In short, Boelter is just a wacko. His letter is a testament to his fractured mind, not a manifesto of political grievance. The media’s rush to blame conservatives and the governor’s passive complicity in allowing false narratives to spread are failures that demand scrutiny.
And what's the result of this? COVER-UP! Here's RedState:
Details about a letter written by Minnesota assassin Vance Boelter have been released, and they paint a much clearer picture of his state of mind and why he did what he did. They also give a pretty good indication of why this story disappeared from the news so quickly.
And more from PJMedia:
This deliberate misinformation campaign explains why the story vanished from the headlines so quickly. Once the facts emerged, the narrative that fit the media’s partisan agenda collapsed. The silence that followed speaks volumes about the lengths to which some will go to manipulate public perception and exploit tragedy for political gain.
Yes, evil liberals are trying to bury the story of the Minnesota shootings, and the evidence is reporting on new developments in the story that appeared in the state's most prominent newspaper.

Why isn't this still the biggest story in America? Because this is America. I have a rule of thumb about this rage-saturated (and gun-saturated) country: We're so desensitized to violence that stories like these drop out of the headlines almost immediately if fewer than five people are killed. At this point, the correct number might be ten. But in this sick country, two dead is nothing.

I'll make an exception for an incident involving the president or a current presidential candidate -- or, because we live in a plutocracy, a prominent CEO. Otherwise, these stories fade fast.

David French, a conservative evangelical, has no problem linking Boelter's ideology to the deeds he's accused of:
Boelter’s roommate identified him as a President Trump-supporting Republican, and Boelter voted in the 2024 Republican primary. And he wasn’t just a Republican. He was also a 1990 graduate of the Dallas-based Christ for the Nations Institute and engaged in missionary activities in the Democratic Republic of Congo, where he delivered exuberant sermons that soon appeared online.

In other words, Boelter wasn’t just a political assassin; he was a Christian assassin — and a person deeply connected to one of America’s most radical religious movements.

Christ for the Nations isn’t a staid, traditional seminary. It opened its doors in 1970. One of its founders was an extremist Pentecostal pastor named James Gordon Lindsay, who was part of a spiritual movement called the New Order of the Latter Rain.

... elements of Latter Rain are now part of a movement called the New Apostolic Reformation, or N.A.R.

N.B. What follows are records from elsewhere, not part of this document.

lemma distr_PiM_componentwise:
  assumes I: "finite I"
    and M: "\<And>i. prob_space (M i)" and N: "\<And>i. prob_space (N i)"
    and q_meas: "\<And>i. i \<in> I \<Longrightarrow> q i \<in> measurable (M i) (N i)"
    and q_distr: "\<And>i. i \<in> I \<Longrightarrow> distr (M i) (N i) (q i) = N i"
  shows "distr (PiM I M) (PiM I N) (\<lambda>x. \<lambda>i\<in>I. q i (x i)) = PiM I N"
proof -
  interpret M: product_prob_space M by (rule product_prob_spaceI) (rule M)
  interpret N: product_prob_space N by (rule product_prob_spaceI) (rule N)
  have meas: "(\<lambda>x. \<lambda>i\<in>I. q i (x i)) \<in> measurable (PiM I M) (PiM I N)"
  proof (rule measurable_restrict)
    fix i assume i: "i \<in> I"
    show "(\<lambda>x. q i (x i)) \<in> measurable (PiM I M) (N i)"
      by (rule measurable_compose[OF measurable_component_singleton[OF i, of M] q_meas[OF i]])
  qed
  show ?thesis
  proof (rule N.PiM_eqI[OF I])
    fix A assume A: "\<And>i. i \<in> I \<Longrightarrow> A i \<in> sets (N i)"
    have "(\<lambda>x. \<lambda>i\<in>I. q i (x i)) -` PiE I A \<inter> space (PiM I M) = PiE I (\<lambda>i. q i -` A i \<inter> space (M i))"
      by (auto simp: space_PiM PiE_def Pi_def extensional_def)
    then have "emeasure (distr (PiM I M) (PiM I N) (\<lambda>x. \<lambda>i\<in>I. q i (x i))) (PiE I A)
        = (\<Prod>i\<in>I. emeasure (M i) (q i -` A i \<inter> space (M i)))"
      using A I meas q_meas by (simp add: emeasure_distr sets_PiM_I_finite M.emeasure_PiM)
    also have "\<dots> = (\<Prod>i\<in>I. emeasure (N i) (A i))"
    proof (rule prod.cong)
      fix i assume i: "i \<in> I"
      have "emeasure (M i) (q i -` A i \<inter> space (M i)) = emeasure (distr (M i) (N i) (q i)) (A i)"
        using emeasure_distr[OF q_meas[OF i] A[OF i]] by simp
      then show "emeasure (M i) (q i -` A i \<inter> space (M i)) = emeasure (N i) (A i)"
        by (simp only: q_distr[OF i])
    qed simp
    finally show "emeasure (distr (PiM I M) (PiM I N) (\<lambda>x. \<lambda>i\<in>I. q i (x i))) (PiE I A)
        = (\<Prod>i\<in>I. emeasure (N i) (A i))" .
  qed simp
qed

lemma emeasure_PiM_down_closed_le_unif01:
  fixes \<mu> :: "'i \<Rightarrow> real measure"
  assumes C: "finite C"
    and real_distr: "\<And>i. real_distribution (\<mu> i)"
    and super: "\<And>i t. i \<in> C \<Longrightarrow> 0 \<le> t \<Longrightarrow> t \<le> 1 \<Longrightarrow> cdf (\<mu> i) t \<le> t"
    and D: "D \<in> sets (PiM C (\<lambda>_. borel))"
    and down: "\<And>x y. x \<in> D \<Longrightarrow> y \<in> space (PiM C (\<lambda>_. borel)) \<Longrightarrow> (\<forall>i\<in>C. y i \<le> x i) \<Longrightarrow> y \<in> D"
  shows "emeasure (PiM C \<mu>) D \<le> emeasure (PiM C (\<lambda>_. unif01)) D"
proof -
  have sets_\<mu>: "sets (\<mu> i) = sets borel" for i
    using real_distr[of i] by (simp add: real_distribution_def real_distribution_axioms_def)
  have "\<forall>i\<in>C. \<exists>q. q \<in> borel_measurable borel \<and> distr unif01 borel q = \<mu> i \<and> (\<forall>u. u \<le> q u)"
    by (metis real_distr super real_distribution.quantile_coupling)
  then obtain q where q_meas_borel: "\<And>i. i \<in> C \<Longrightarrow> q i \<in> borel_measurable borel"
    and q_distr_borel: "\<And>i. i \<in> C \<Longrightarrow> distr unif01 borel (q i) = \<mu> i"
    and q_ge: "\<And>i u. i \<in> C \<Longrightarrow> u \<le> q i u"
    by metis
  have q_meas: "q i \<in> measurable unif01 (\<mu> i)" if "i \<in> C" for i
    using q_meas_borel[OF that] measurable_cong_sets[OF sets_unif01 sets_\<mu>] by simp
  have q_distr: "distr unif01 (\<mu> i) (q i) = \<mu> i" if "i \<in> C" for i
    using q_distr_borel[OF that] distr_cong[OF refl sets_\<mu>, of unif01 "q i" "q i"] by simp
  let ?U = "PiM C (\<lambda>_. unif01)" and ?Q = "\<lambda>x. \<lambda>i\<in>C. q i (x i)"
  have Q_meas: "?Q \<in> measurable ?U (PiM C \<mu>)"
    using q_meas by (intro measurable_restrict measurable_compose[OF measurable_component_singleton])
  have D_sets: "D \<in> sets (PiM C \<mu>)" "D \<in> sets ?U"
    using D sets_\<mu> by (simp_all cong: sets_PiM_cong)
  have "distr ?U (PiM C \<mu>) ?Q = PiM C \<mu>"
    using real_distr
    by (intro distr_PiM_componentwise[OF C prob_space_unif01 _ q_meas q_distr])
       (simp_all add: real_distribution_def)
  then have "emeasure (PiM C \<mu>) D = emeasure ?U (?Q -` D \<inter> space ?U)"
    using emeasure_distr[OF Q_meas D_sets(1)] by simp
  also have "\<dots> \<le> emeasure ?U D"
    using down q_ge D_sets by (intro emeasure_mono) (auto simp: space_PiM)
  finally show ?thesis .
qed

lemma emeasure_pair_measure_le_of_sections:
  assumes "prob_space M1" "prob_space M2" and A: "A \<in> sets (M1 \<Otimes>\<^sub>M M2)"
    and sections: "\<And>y. y \<in> space M2 \<Longrightarrow> emeasure M1 ((\<lambda>x. (x, y)) -` A) \<le> c"
  shows "emeasure (M1 \<Otimes>\<^sub>M M2) A \<le> c"
proof -
  interpret pair_prob_space M1 M2
    using assms(1,2) by (simp add: pair_prob_space_def pair_sigma_finite_def prob_space_imp_sigma_finite)
  have "emeasure (M1 \<Otimes>\<^sub>M M2) A = (\<integral>\<^sup>+y. emeasure M1 ((\<lambda>x. (x, y)) -` A) \<partial>M2)"
    by (rule emeasure_pair_measure_alt2[OF A])
  also have "\<dots> \<le> (\<integral>\<^sup>+y. c \<partial>M2)"
    by (intro nn_integral_mono sections)
  also have "\<dots> = c"
    by (simp add: M2.emeasure_space_1)
  finally show ?thesis .
qed

lemma emeasure_PiM_le_of_sections:
  assumes M: "\<And>i. prob_space (M i)"
    and JK: "J \<inter> K = {}" "finite J" "finite K" and A: "A \<in> sets (PiM (J \<union> K) M)"
    and sections: "\<And>x. x \<in> space (PiM J M) \<Longrightarrow>
      emeasure (PiM K M) ((\<lambda>y. merge J K (x, y)) -` A \<inter> space (PiM K M)) \<le> c"
  shows "emeasure (PiM (J \<union> K) M) A \<le> c"
proof -
  interpret product_prob_space M
    by (rule product_prob_spaceI) (rule M)
  interpret J: prob_space "PiM J M"
    by (intro prob_space_PiM M)
  have "emeasure (PiM (J \<union> K) M) A
      = (\<integral>\<^sup>+x. emeasure (PiM K M) ((\<lambda>y. merge J K (x, y)) -` A \<inter> space (PiM K M)) \<partial>PiM J M)"
    by (rule emeasure_fold_integral[OF JK A])
  also have "\<dots> \<le> (\<integral>\<^sup>+x. c \<partial>PiM J M)"
    by (intro nn_integral_mono sections)
  also have "\<dots> = c"
    by (simp add: J.emeasure_space_1)
  finally show ?thesis .
qed

lemma measurable_merge_on:
  assumes "\<And>w. w \<in> C \<Longrightarrow> (\<lambda>x. u x w) \<in> borel_measurable K"
    and "\<And>w. w \<notin> C \<Longrightarrow> (\<lambda>x. y x w) \<in> borel_measurable K"
  shows "(\<lambda>x. merge_on C (u x) (y x)) \<in> measurable K (PiM UNIV (\<lambda>_. borel))"
  unfolding merge_on_def
proof (rule measurable_PiM_single')
  show "(\<lambda>x. if w \<in> C then u x w else y x w) \<in> borel_measurable K" for w
    by (cases "w \<in> C") (simp_all add: assms)
qed (simp add: PiE_UNIV_domain)

lemma measurable_merge_on_PiM:
  assumes "\<And>i. sets (N i) = sets borel"
  shows "(\<lambda>x. merge_on C x y) \<in> measurable (PiM C N) (PiM UNIV (\<lambda>_. borel))"
  by (rule measurable_merge_on) (simp_all add: borel_measurable_component_PiM assms)

lemma F_fun_merge_on [simp]: "F_fun C g t (merge_on C u y) = F_fun C g t y"
proof -
  have "merge_on C u' (merge_on C u y) = merge_on C u' y" for u'
    by (auto simp: merge_on_def)
  then show ?thesis by (simp add: F_fun_def)
qed

lemma F_fun_mono:
  assumes g: "g \<in> borel_measurable (PiM UNIV (\<lambda>_. borel))" and "s \<le> t"
  shows "F_fun C g s y \<le> F_fun C g t y"
proof -
  interpret Q: prob_space "PiM C (\<lambda>_. unif01)"
    by (intro prob_space_PiM prob_space_unif01)
  have "(\<lambda>u. g (merge_on C u y)) \<in> borel_measurable (PiM C (\<lambda>_. unif01))"
    using measurable_compose[OF measurable_merge_on_PiM g] by simp
  then show ?thesis
    using \<open>s \<le> t\<close> unfolding F_fun_def
    by (intro Q.finite_measure_mono) (auto intro: measurable_sets_borel)
qed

... The New Apostolic Reformation — and its close cousin, the independent charismatic movement — houses the most radical Christian Trumpists. Deeply influenced by prophecy, they see Trump as divinely destined to save America from the godless left and its political party, the “demoncrats,” who are doing Satan’s bidding here on earth.
Even if, for some reason, Boelter thought he was acting on behalf of Walz, his target list was unquestionably ideological, as even the reporter covering the story for Alpha News acknowledges.


in 2023, Walz signed a bill enshrining reproductive rights in Minnesota state law. Did Boelter not know that? Did he not pay attention to the pro-choice Kamala Harris/Tim Walz presidential campaign? And if all this was done so Walz could run for Senate, why shoot two state legislators? They weren't impediments to a Walz run. And in any case, Walz has chosen not to run in 2026 for the Minnesota Senate seat that's being vacated by Tina Smith, who's retiring. Why would Walz want to take Klobuchar's seat if he doesn't want Smith's?

I wonder whether this note says what we're being told it says. If the reporting is accurate, I suspect the note was a clumsy attempt to shift blame to yet another Democratic enemy -- and now many of Boelter's fellow right-wingers appear to be persuaded.